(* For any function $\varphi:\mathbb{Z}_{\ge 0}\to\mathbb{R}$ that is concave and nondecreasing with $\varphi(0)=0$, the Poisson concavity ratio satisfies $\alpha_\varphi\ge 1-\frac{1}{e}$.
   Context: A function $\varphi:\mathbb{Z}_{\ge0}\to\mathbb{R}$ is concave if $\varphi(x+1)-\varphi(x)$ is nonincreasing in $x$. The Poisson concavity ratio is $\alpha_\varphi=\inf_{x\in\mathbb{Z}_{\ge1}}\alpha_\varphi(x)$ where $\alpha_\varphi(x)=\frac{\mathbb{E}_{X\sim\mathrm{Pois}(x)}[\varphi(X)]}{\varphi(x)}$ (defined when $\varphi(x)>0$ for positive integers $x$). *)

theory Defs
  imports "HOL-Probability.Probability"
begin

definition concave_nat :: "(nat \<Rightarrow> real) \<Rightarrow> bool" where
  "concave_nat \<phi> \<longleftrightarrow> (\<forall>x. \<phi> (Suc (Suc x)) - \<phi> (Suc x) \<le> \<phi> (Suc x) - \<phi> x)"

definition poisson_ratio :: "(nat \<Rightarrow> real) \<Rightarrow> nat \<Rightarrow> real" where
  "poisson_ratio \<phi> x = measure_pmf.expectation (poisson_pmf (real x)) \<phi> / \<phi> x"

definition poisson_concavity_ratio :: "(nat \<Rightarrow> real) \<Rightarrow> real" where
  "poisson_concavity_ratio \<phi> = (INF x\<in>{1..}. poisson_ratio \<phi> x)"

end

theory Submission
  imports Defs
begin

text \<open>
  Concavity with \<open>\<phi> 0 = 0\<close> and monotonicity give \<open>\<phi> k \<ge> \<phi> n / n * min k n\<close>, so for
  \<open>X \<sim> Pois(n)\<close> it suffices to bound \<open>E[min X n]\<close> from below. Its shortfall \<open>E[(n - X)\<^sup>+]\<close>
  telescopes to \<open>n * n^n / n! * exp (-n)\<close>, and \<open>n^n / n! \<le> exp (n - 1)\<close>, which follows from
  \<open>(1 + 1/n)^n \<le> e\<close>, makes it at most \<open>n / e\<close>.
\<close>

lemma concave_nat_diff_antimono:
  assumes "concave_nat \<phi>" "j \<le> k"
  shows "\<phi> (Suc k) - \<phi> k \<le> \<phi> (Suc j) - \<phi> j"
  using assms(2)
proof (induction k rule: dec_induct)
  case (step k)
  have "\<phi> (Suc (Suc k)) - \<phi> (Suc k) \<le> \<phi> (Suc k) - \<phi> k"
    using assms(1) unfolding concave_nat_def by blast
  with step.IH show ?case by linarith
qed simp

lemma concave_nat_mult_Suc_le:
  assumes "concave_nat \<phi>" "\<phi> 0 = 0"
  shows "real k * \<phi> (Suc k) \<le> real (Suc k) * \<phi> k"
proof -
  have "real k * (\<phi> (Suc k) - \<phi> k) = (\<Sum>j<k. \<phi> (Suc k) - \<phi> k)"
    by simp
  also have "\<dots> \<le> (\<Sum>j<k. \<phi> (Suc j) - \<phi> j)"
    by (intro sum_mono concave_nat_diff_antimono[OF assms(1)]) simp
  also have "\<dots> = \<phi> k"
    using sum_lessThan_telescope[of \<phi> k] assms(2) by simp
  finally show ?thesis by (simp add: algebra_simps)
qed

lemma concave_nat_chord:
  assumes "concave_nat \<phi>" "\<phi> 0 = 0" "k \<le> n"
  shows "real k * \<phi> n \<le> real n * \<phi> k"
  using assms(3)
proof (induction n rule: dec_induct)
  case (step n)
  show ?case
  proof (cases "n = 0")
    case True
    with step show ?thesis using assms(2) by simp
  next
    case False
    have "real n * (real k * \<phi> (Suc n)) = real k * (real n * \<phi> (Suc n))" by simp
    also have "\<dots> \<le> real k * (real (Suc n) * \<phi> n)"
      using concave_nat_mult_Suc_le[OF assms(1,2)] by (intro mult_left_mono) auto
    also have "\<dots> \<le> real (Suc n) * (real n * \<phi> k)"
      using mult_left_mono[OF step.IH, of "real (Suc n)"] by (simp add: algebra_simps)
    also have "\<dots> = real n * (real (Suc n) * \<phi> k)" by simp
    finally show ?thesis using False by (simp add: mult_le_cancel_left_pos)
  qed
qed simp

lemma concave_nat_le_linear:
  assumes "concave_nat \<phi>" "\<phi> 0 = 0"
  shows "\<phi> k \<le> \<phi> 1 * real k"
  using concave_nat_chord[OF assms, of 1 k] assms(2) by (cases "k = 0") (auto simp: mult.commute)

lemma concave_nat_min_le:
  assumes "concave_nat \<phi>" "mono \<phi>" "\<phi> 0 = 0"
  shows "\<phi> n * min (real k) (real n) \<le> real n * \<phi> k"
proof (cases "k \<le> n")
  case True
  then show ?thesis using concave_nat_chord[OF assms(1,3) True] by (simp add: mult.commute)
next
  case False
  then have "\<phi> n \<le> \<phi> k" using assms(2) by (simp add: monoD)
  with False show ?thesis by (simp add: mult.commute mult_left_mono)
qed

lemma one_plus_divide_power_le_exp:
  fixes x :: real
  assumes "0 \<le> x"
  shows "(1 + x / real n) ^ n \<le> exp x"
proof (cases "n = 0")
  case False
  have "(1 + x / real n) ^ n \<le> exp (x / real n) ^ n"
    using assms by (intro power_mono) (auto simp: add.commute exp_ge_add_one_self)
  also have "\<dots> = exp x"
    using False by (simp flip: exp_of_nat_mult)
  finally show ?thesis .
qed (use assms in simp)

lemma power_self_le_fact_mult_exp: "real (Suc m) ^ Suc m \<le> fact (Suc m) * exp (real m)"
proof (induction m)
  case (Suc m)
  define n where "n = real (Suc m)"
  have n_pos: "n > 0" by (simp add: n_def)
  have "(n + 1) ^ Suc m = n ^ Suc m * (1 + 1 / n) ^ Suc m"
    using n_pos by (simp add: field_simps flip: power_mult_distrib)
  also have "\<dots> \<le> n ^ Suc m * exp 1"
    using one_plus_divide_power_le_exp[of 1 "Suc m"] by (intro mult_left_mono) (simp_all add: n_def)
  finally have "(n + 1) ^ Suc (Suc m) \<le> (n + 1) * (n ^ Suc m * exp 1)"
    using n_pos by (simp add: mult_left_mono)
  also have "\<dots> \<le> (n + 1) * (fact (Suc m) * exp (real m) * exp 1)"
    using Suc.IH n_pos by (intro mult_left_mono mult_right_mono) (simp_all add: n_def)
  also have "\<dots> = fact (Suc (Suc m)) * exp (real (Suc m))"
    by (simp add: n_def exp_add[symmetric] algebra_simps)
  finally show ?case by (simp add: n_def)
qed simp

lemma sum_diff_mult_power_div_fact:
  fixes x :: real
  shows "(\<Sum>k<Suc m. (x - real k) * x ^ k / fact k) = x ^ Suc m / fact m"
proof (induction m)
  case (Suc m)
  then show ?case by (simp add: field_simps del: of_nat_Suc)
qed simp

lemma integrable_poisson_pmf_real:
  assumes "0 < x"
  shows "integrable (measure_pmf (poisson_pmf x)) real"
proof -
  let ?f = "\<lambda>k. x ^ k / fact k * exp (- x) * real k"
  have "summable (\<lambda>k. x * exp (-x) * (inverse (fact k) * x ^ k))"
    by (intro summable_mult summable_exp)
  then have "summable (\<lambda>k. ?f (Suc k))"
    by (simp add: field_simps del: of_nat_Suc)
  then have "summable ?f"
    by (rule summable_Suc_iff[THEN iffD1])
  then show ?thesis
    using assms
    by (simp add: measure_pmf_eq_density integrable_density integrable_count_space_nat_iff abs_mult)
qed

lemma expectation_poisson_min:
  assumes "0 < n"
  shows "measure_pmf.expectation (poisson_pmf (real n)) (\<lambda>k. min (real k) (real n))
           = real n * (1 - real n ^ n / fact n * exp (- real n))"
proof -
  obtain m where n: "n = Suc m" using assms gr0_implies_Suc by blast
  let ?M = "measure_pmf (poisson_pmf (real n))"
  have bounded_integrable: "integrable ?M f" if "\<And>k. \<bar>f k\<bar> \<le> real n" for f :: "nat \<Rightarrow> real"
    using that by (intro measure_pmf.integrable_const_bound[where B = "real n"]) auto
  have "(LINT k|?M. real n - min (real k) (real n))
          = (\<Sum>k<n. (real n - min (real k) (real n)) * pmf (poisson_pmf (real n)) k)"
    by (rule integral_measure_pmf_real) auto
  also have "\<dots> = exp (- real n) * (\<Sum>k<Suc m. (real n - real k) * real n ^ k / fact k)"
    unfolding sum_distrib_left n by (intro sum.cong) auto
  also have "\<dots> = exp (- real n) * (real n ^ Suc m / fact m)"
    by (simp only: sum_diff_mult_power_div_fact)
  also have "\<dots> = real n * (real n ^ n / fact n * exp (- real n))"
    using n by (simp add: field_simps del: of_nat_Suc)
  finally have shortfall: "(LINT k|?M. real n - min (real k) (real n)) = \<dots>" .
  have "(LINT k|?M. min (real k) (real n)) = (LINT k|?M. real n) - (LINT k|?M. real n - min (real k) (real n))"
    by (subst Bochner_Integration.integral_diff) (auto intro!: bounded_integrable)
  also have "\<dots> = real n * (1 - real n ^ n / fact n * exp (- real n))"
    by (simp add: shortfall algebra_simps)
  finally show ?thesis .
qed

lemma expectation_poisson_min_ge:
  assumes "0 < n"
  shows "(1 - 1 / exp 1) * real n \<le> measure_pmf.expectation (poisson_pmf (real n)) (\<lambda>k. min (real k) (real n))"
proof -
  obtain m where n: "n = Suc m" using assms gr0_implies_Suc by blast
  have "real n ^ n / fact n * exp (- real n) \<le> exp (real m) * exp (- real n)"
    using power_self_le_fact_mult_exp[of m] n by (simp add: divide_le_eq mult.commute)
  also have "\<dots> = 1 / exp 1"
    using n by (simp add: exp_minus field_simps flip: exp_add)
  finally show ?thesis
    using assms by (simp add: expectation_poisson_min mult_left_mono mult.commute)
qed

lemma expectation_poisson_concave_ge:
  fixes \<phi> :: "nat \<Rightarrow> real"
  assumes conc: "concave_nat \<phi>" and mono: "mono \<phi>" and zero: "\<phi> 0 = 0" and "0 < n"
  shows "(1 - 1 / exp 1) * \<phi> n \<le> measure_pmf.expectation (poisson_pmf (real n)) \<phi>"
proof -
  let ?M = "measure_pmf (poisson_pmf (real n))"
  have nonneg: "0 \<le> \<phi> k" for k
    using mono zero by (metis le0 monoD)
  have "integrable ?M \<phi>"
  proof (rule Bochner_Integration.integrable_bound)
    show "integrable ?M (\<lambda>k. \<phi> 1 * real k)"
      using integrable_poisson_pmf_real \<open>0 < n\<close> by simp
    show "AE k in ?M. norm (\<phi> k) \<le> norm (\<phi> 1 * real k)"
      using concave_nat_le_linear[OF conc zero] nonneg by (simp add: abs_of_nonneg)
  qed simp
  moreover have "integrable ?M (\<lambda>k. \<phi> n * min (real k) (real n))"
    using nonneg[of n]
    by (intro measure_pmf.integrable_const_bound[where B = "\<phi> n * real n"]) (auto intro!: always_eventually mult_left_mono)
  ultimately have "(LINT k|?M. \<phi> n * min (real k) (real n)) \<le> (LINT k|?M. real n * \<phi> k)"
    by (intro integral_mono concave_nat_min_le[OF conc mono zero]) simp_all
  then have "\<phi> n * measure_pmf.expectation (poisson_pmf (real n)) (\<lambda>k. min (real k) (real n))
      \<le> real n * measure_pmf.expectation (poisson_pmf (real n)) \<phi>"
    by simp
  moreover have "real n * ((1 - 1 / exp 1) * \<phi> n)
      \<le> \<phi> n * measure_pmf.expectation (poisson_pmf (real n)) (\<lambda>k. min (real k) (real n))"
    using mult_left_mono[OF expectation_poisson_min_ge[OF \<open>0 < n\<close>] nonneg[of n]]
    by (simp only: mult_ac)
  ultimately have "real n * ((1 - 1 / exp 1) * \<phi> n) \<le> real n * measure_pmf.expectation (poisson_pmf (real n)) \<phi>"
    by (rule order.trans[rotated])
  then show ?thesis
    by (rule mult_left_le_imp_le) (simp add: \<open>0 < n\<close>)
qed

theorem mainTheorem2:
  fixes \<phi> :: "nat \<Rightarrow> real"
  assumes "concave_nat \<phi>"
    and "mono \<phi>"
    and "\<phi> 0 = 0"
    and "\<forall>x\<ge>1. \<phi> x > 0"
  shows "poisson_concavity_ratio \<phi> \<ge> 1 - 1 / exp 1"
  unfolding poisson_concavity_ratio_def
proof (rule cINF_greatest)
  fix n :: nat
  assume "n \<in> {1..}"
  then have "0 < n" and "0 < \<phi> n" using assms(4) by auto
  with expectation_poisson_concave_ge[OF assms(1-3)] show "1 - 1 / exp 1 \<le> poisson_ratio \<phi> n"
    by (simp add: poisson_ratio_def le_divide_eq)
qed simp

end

## HOW TO COMPLETE THIS TASK
Select the lines in this material that hold the word "commute", leaving none out.

## ANSWER BOX
  using concave_nat_chord[OF assms, of 1 k] assms(2) by (cases "k = 0") (auto simp: mult.commute)
  then show ?thesis using concave_nat_chord[OF assms(1,3) True] by (simp add: mult.commute)
  with False show ?thesis by (simp add: mult.commute mult_left_mono)
    using assms by (intro power_mono) (auto simp: add.commute exp_ge_add_one_self)
    using power_self_le_fact_mult_exp[of m] n by (simp add: divide_le_eq mult.commute)
    using assms by (simp add: expectation_poisson_min mult_left_mono mult.commute)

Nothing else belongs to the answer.